[ISEA2004] Paper: Katariina Kyrölä – Shocking Flesh: Fatness, Feeling and the Politics of Interpretation

Abstract

In my PhD research on fat embodiment in the media, I look at different kinds of images of women and men who are defined fat by the contemporary body standards, and these images almost always provoke strong feelings. Some of the images tend to annoy me or even shock me at first. Most of the popular, mainstream images of fat bodies seem to support very conventional power relations in terms of body size, gender, sexuality and ‘race’. During the process of interpretation the feelings and attitudes towards the images necessarily change. In the presentation I will discuss how my feelings, interpretations and ways of looking as a feminist researcher meet and are constructed in the research process. I am especially interested in the cultural constructions of distance and proximity between the researcher or the viewer and visual material, and how the variations in distance can be of use from a feminist perspective. Distance and proximity are produced through bodily experience as well as research objectives and conventions.
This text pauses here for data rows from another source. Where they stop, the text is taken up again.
(* Let $\mathcal{P}'$ be a set of pairwise edge-intersecting paths in a Helly $B_k$-EPG representation of a graph $G$. Then the intersection of all paths of $\mathcal{P}'$ contains at least one relevant edge (of some path of the representation).
   Context: A grid is the set of integer points of the plane; a grid edge joins two grid points at distance $1$. A path in the grid is a sequence of distinct grid edges in which consecutive edges share exactly one grid point and non-consecutive edges share none; a bend is a pair of consecutive edges with different directions (horizontal/vertical), these being bend edges. The first and last edges of a path are its extremity edges; relevant edges of a path are its extremity and bend edges. An EPG representation of $G$ is a family $(P_v)_{v\in V(G)}$ of grid paths such that distinct $u,v$ are adjacent iff $P_u,P_v$ share a grid edge; it is $B_k$-EPG if every path has at most $k$ bends, and Helly if every subfamily of pairwise edge-intersecting paths has a grid edge common to all its members. *)

theory Defs
  imports Main
begin

type_synonym gpoint = "int \<times> int"
type_synonym gedge = "gpoint set"

definition grid_edge :: "gedge \<Rightarrow> bool" where
  "grid_edge e \<longleftrightarrow> (\<exists>p q. e = {p, q} \<and> \<bar>fst p - fst q\<bar> + \<bar>snd p - snd q\<bar> = 1)"

definition horizontal :: "gedge \<Rightarrow> bool" where
  "horizontal e \<longleftrightarrow> (\<exists>a b y. e = {(a, y), (b, y)} \<and> a \<noteq> b)"

definition grid_path :: "gedge list \<Rightarrow> bool" where
  "grid_path xs \<longleftrightarrow> xs \<noteq> [] \<and> distinct xs \<and> (\<forall>e\<in>set xs. grid_edge e) \<and>
     (\<forall>i. Suc i < length xs \<longrightarrow> card (xs ! i \<inter> xs ! Suc i) = 1) \<and>
     (\<forall>i j. Suc i < j \<and> j < length xs \<longrightarrow> xs ! i \<inter> xs ! j = {})"

definition is_bend :: "gedge list \<Rightarrow> nat \<Rightarrow> bool" where
  "is_bend xs i \<longleftrightarrow> Suc i < length xs \<and> horizontal (xs ! i) \<noteq> horizontal (xs ! Suc i)"

definition num_bends :: "gedge list \<Rightarrow> nat" where
  "num_bends xs = card {i. is_bend xs i}"

definition bend_edge :: "gedge list \<Rightarrow> gedge \<Rightarrow> bool" where
  "bend_edge xs e \<longleftrightarrow> (\<exists>i. is_bend xs i \<and> (e = xs ! i \<or> e = xs ! Suc i))"

definition relevant_edge :: "gedge list \<Rightarrow> gedge \<Rightarrow> bool" where
  "relevant_edge xs e \<longleftrightarrow> e = hd xs \<or> e = last xs \<or> bend_edge xs e"

definition EPG_rep :: "'v set \<Rightarrow> ('v \<Rightarrow> 'v \<Rightarrow> bool) \<Rightarrow> ('v \<Rightarrow> gedge list) \<Rightarrow> bool" where
  "EPG_rep V E P \<longleftrightarrow> (\<forall>v\<in>V. grid_path (P v)) \<and>
     (\<forall>u\<in>V. \<forall>v\<in>V. u \<noteq> v \<longrightarrow> (E u v \<longleftrightarrow> set (P u) \<inter> set (P v) \<noteq> {}))"

definition Bk_EPG_rep :: "nat \<Rightarrow> 'v set \<Rightarrow> ('v \<Rightarrow> 'v \<Rightarrow> bool) \<Rightarrow> ('v \<Rightarrow> gedge list) \<Rightarrow> bool" where
  "Bk_EPG_rep k V E P \<longleftrightarrow> EPG_rep V E P \<and> (\<forall>v\<in>V. num_bends (P v) \<le> k)"

definition pairwise_edge_intersecting :: "('v \<Rightarrow> gedge list) \<Rightarrow> 'v set \<Rightarrow> bool" where
  "pairwise_edge_intersecting P S \<longleftrightarrow> (\<forall>u\<in>S. \<forall>v\<in>S. set (P u) \<inter> set (P v) \<noteq> {})"

definition Helly_rep :: "'v set \<Rightarrow> ('v \<Rightarrow> gedge list) \<Rightarrow> bool" where
  "Helly_rep V P \<longleftrightarrow> (\<forall>S\<subseteq>V. pairwise_edge_intersecting P S \<longrightarrow>
      (\<exists>e. grid_edge e \<and> (\<forall>v\<in>S. e \<in> set (P v))))"

end

theory Submission
  imports Defs "HOL-Library.Product_Plus"
begin

text \<open>By the Helly property the paths of the family share a grid edge e.
  At an edge that is not relevant for a path, that path continues straight on in both
  directions, so it also contains the next edge along the line of e. Walking from e along
  its line, all paths therefore keep containing the current edge until it is relevant for
  one of them, and since a single path is finite the walk must stop.\<close>

definition hor_edge :: "int \<Rightarrow> int \<Rightarrow> gedge" where
  "hor_edge x y = {(x, y), (x + 1, y)}"

definition ver_edge :: "int \<Rightarrow> int \<Rightarrow> gedge" where
  "ver_edge x y = {(x, y), (x, y + 1)}"

definition shift_along :: "gedge \<Rightarrow> gedge" where
  "shift_along e = (+) (if horizontal e then (1, 0) else (0, 1)) ` e"

lemma grid_edge_cases:
  assumes "grid_edge e"
  obtains (hor) x y where "e = hor_edge x y" | (ver) x y where "e = ver_edge x y"
proof -
  obtain a b c d where e: "e = {(a, b), (c, d)}" and "\<bar>a - c\<bar> + \<bar>b - d\<bar> = 1"
    using assms unfolding grid_edge_def by force
  then consider "c = a + 1" "d = b" | "a = c + 1" "d = b" | "c = a" "d = b + 1" | "c = a" "b = d + 1"
    by linarith
  then show ?thesis
    using that unfolding e hor_edge_def ver_edge_def by cases (simp_all add: insert_commute)
qed

lemma horizontal_hor_edge [simp]: "horizontal (hor_edge x y)"
  unfolding horizontal_def hor_edge_def by (rule exI[of _ x], rule exI[of _ "x + 1"]) auto

lemma not_horizontal_ver_edge [simp]: "\<not> horizontal (ver_edge x y)"
  unfolding horizontal_def ver_edge_def by (auto simp: doubleton_eq_iff)

lemma shift_along_hor_edge [simp]: "shift_along (hor_edge x y) = hor_edge (x + 1) y"
  by (simp add: shift_along_def) (simp add: hor_edge_def ac_simps)

lemma shift_along_ver_edge [simp]: "shift_along (ver_edge x y) = ver_edge x (y + 1)"
  by (simp add: shift_along_def) (simp add: ver_edge_def ac_simps)

lemma grid_edge_hor_edge [simp]: "grid_edge (hor_edge x y)"
  unfolding grid_edge_def hor_edge_def by force

lemma grid_edge_ver_edge [simp]: "grid_edge (ver_edge x y)"
  unfolding grid_edge_def ver_edge_def by force

lemma grid_edge_shift_along: "grid_edge e \<Longrightarrow> grid_edge (shift_along e)"
  by (elim grid_edge_cases) simp_all

lemma shift_along_eqD:
  assumes "shift_along e = shift_along f" and "horizontal e = horizontal f"
  shows "e = f"
  using assms unfolding shift_along_def by (simp add: inj_image_eq_iff)

lemma card_inter_hor_edges:
  assumes "card (hor_edge x y \<inter> hor_edge x' y') = 1"
  shows "y' = y \<and> (x' = x + 1 \<or> x = x' + 1)"
proof (rule ccontr)
  assume "\<not> ?thesis"
  then have "hor_edge x y \<inter> hor_edge x' y' \<in> {{}, hor_edge x y}"
    unfolding hor_edge_def by auto
  with assms show False
    unfolding hor_edge_def by auto
qed

lemma card_inter_ver_edges:
  assumes "card (ver_edge x y \<inter> ver_edge x' y') = 1"
  shows "x' = x \<and> (y' = y + 1 \<or> y = y' + 1)"
proof (rule ccontr)
  assume "\<not> ?thesis"
  then have "ver_edge x y \<inter> ver_edge x' y' \<in> {{}, ver_edge x y}"
    unfolding ver_edge_def by auto
  with assms show False
    unfolding ver_edge_def by auto
qed

lemma parallel_adjacent_grid_edges:
  assumes "grid_edge e" and "grid_edge f" and "horizontal f = horizontal e"
    and "card (e \<inter> f) = 1"
  shows "f = shift_along e \<or> e = shift_along f"
  using assms(1,2)
proof (cases rule: grid_edge_cases[case_product grid_edge_cases])
  case (hor_hor x y x' y')
  then show ?thesis using card_inter_hor_edges[of x y x' y'] assms(4) by auto
next
  case (ver_ver x y x' y')
  then show ?thesis using card_inter_ver_edges[of x y x' y'] assms(4) by auto
qed (use assms(3) in simp_all)

lemma not_relevant_edge_interior:
  assumes "Q \<noteq> []" and "e \<in> set Q" and "\<not> relevant_edge Q e"
  obtains j where "Q ! Suc j = e" and "Suc (Suc j) < length Q"
    and "\<not> is_bend Q j" and "\<not> is_bend Q (Suc j)"
proof -
  obtain i where i: "i < length Q" "Q ! i = e"
    using assms(2) by (auto simp: in_set_conv_nth)
  have "i \<noteq> 0"
    using assms i by (auto simp: relevant_edge_def hd_conv_nth)
  then obtain j where j: "i = Suc j"
    using not0_implies_Suc by blast
  have "Suc i \<noteq> length Q"
  proof
    assume "Suc i = length Q"
    then have "e = last Q"
      using assms(1) i by (metis diff_Suc_1 last_conv_nth)
    with assms(3) show False
      by (simp add: relevant_edge_def)
  qed
  moreover have "\<not> is_bend Q j" "\<not> is_bend Q (Suc j)"
    using assms(3) i j unfolding relevant_edge_def bend_edge_def by blast+
  ultimately show ?thesis
    using that i j by simp
qed

lemma shift_along_mem_if_not_relevant:
  assumes Q: "grid_path Q" and e: "e \<in> set Q" and not_rel: "\<not> relevant_edge Q e"
  shows "shift_along e \<in> set Q"
proof -
  have "Q \<noteq> []" "distinct Q" and edges: "\<forall>f\<in>set Q. grid_edge f"
    and meet: "\<forall>i. Suc i < length Q \<longrightarrow> card (Q ! i \<inter> Q ! Suc i) = 1"
    using Q unfolding grid_path_def by auto
  then obtain j where j: "Q ! Suc j = e" "Suc (Suc j) < length Q"
    and straight: "\<not> is_bend Q j" "\<not> is_bend Q (Suc j)"
    using e not_rel not_relevant_edge_interior by metis
  define a b where "a = Q ! j" and "b = Q ! Suc (Suc j)"
  have ab: "a \<in> set Q" "b \<in> set Q" "a \<noteq> b"
    using j \<open>distinct Q\<close> by (auto simp: a_def b_def nth_eq_iff_index_eq)
  have "a = shift_along e \<or> e = shift_along a"
  proof (rule parallel_adjacent_grid_edges)
    show "horizontal a = horizontal e" "card (e \<inter> a) = 1"
      using straight(1) meet j unfolding a_def is_bend_def by (auto simp: Int_commute)
  qed (use ab edges e in auto)
  moreover have "b = shift_along e \<or> e = shift_along b"
  proof (rule parallel_adjacent_grid_edges)
    show "horizontal b = horizontal e" "card (e \<inter> b) = 1"
      using straight(2) meet j unfolding b_def is_bend_def by auto
  qed (use ab edges e in auto)
  \<comment> \<open>The neighbours a and b cannot both be the edge preceding e on its line.\<close>
  moreover have "horizontal a = horizontal b"
    using straight j unfolding a_def b_def is_bend_def by auto
  ultimately show ?thesis
    using ab shift_along_eqD by metis
qed

lemma inj_shift_along_iterates:
  assumes "grid_edge e"
  shows "inj (\<lambda>n. (shift_along ^^ n) e)"
proof -
  define level :: "gedge \<Rightarrow> int" where "level f = (\<Sum>p\<in>f. fst p + snd p)" for f
  have level_shift: "level (shift_along f) = level f + 2" if "grid_edge f" for f
    using that by (elim grid_edge_cases) (simp_all add: level_def, simp_all add: hor_edge_def ver_edge_def)
  have "grid_edge ((shift_along ^^ n) e) \<and> level ((shift_along ^^ n) e) = level e + 2 * int n" for n
    by (induction n) (simp_all add: assms grid_edge_shift_along level_shift)
  then have "inj (level \<circ> (\<lambda>n. (shift_along ^^ n) e))"
    by (auto intro: injI)
  then show ?thesis
    by (rule inj_on_imageI2)
qed

lemma inj_walk_reaches_stop:
  fixes F :: "nat \<Rightarrow> 'a" and A :: "'i \<Rightarrow> 'a set"
  assumes "inj F" and "i0 \<in> I" and "finite (A i0)" and "\<forall>i\<in>I. F 0 \<in> A i"
    and "\<And>i n. i \<in> I \<Longrightarrow> F n \<in> A i \<Longrightarrow> \<not> R i (F n) \<Longrightarrow> F (Suc n) \<in> A i"
  shows "\<exists>n. (\<forall>i\<in>I. F n \<in> A i) \<and> (\<exists>i\<in>I. R i (F n))"
proof (rule ccontr)
  assume no_stop: "\<not> ?thesis"
  have "\<forall>i\<in>I. F n \<in> A i" for n
    by (induction n) (use assms(4,5) no_stop in blast)+
  then have "range F \<subseteq> A i0"
    using assms(2) by auto
  then have "finite (range F)"
    using assms(3) finite_subset by blast
  with assms(1) show False
    using finite_imageD by blast
qed

theorem corollary3p1:
  fixes V :: "'v set" and E :: "'v \<Rightarrow> 'v \<Rightarrow> bool" and P :: "'v \<Rightarrow> gedge list" and k :: nat
    and S :: "'v set"
  assumes "finite V"
    and "Bk_EPG_rep k V E P"
    and "Helly_rep V P"
    and "S \<subseteq> V" and "S \<noteq> {}"
    and "pairwise_edge_intersecting P S"
  shows "\<exists>e. (\<forall>v\<in>S. e \<in> set (P v)) \<and> (\<exists>w\<in>V. relevant_edge (P w) e)"
proof -
  obtain e where e: "grid_edge e" and common: "\<forall>v\<in>S. e \<in> set (P v)"
    using assms(3,4,6) unfolding Helly_rep_def by blast
  obtain v0 where "v0 \<in> S"
    using assms(5) by blast
  have paths: "\<And>v. v \<in> S \<Longrightarrow> grid_path (P v)"
    using assms(2,4) unfolding Bk_EPG_rep_def EPG_rep_def by blast
  have "\<exists>n. (\<forall>v\<in>S. (shift_along ^^ n) e \<in> set (P v)) \<and>
      (\<exists>v\<in>S. relevant_edge (P v) ((shift_along ^^ n) e))"
  proof (rule inj_walk_reaches_stop[OF inj_shift_along_iterates[OF e] \<open>v0 \<in> S\<close>])
    show "\<And>v n. v \<in> S \<Longrightarrow> (shift_along ^^ n) e \<in> set (P v) \<Longrightarrow>
        \<not> relevant_edge (P v) ((shift_along ^^ n) e) \<Longrightarrow> (shift_along ^^ Suc n) e \<in> set (P v)"
      using paths shift_along_mem_if_not_relevant by simp
  qed (use common in simp_all)
  then show ?thesis
    using assms(4) by blast
qed

end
The assumed bodily similarities or differences between the viewer and the image are important factors in producing different ways of identification. However, through feminist reading and interpretation some images that have first felt distant to me have become closer; sometimes images that have felt uncomfortably close have become distanced. To illustrate how the consideration of embodied distances can be useful, I compare my interpretation process of pornographic images of fat women on the Internet with some other typical representations of fatness in the contemporary popular media.

  • Katariina Kyrölä  is a researcher and a PhD student in Media Studies and teaches Women’s Studies at the University of Turku, Finland. In 2004-2005 she will be studying at Utrecht University, in the Netherlands Research School of Women’s Studies. She is working on her PhD on the popular representations of fat bodies in the contemporary media and the politics of difference.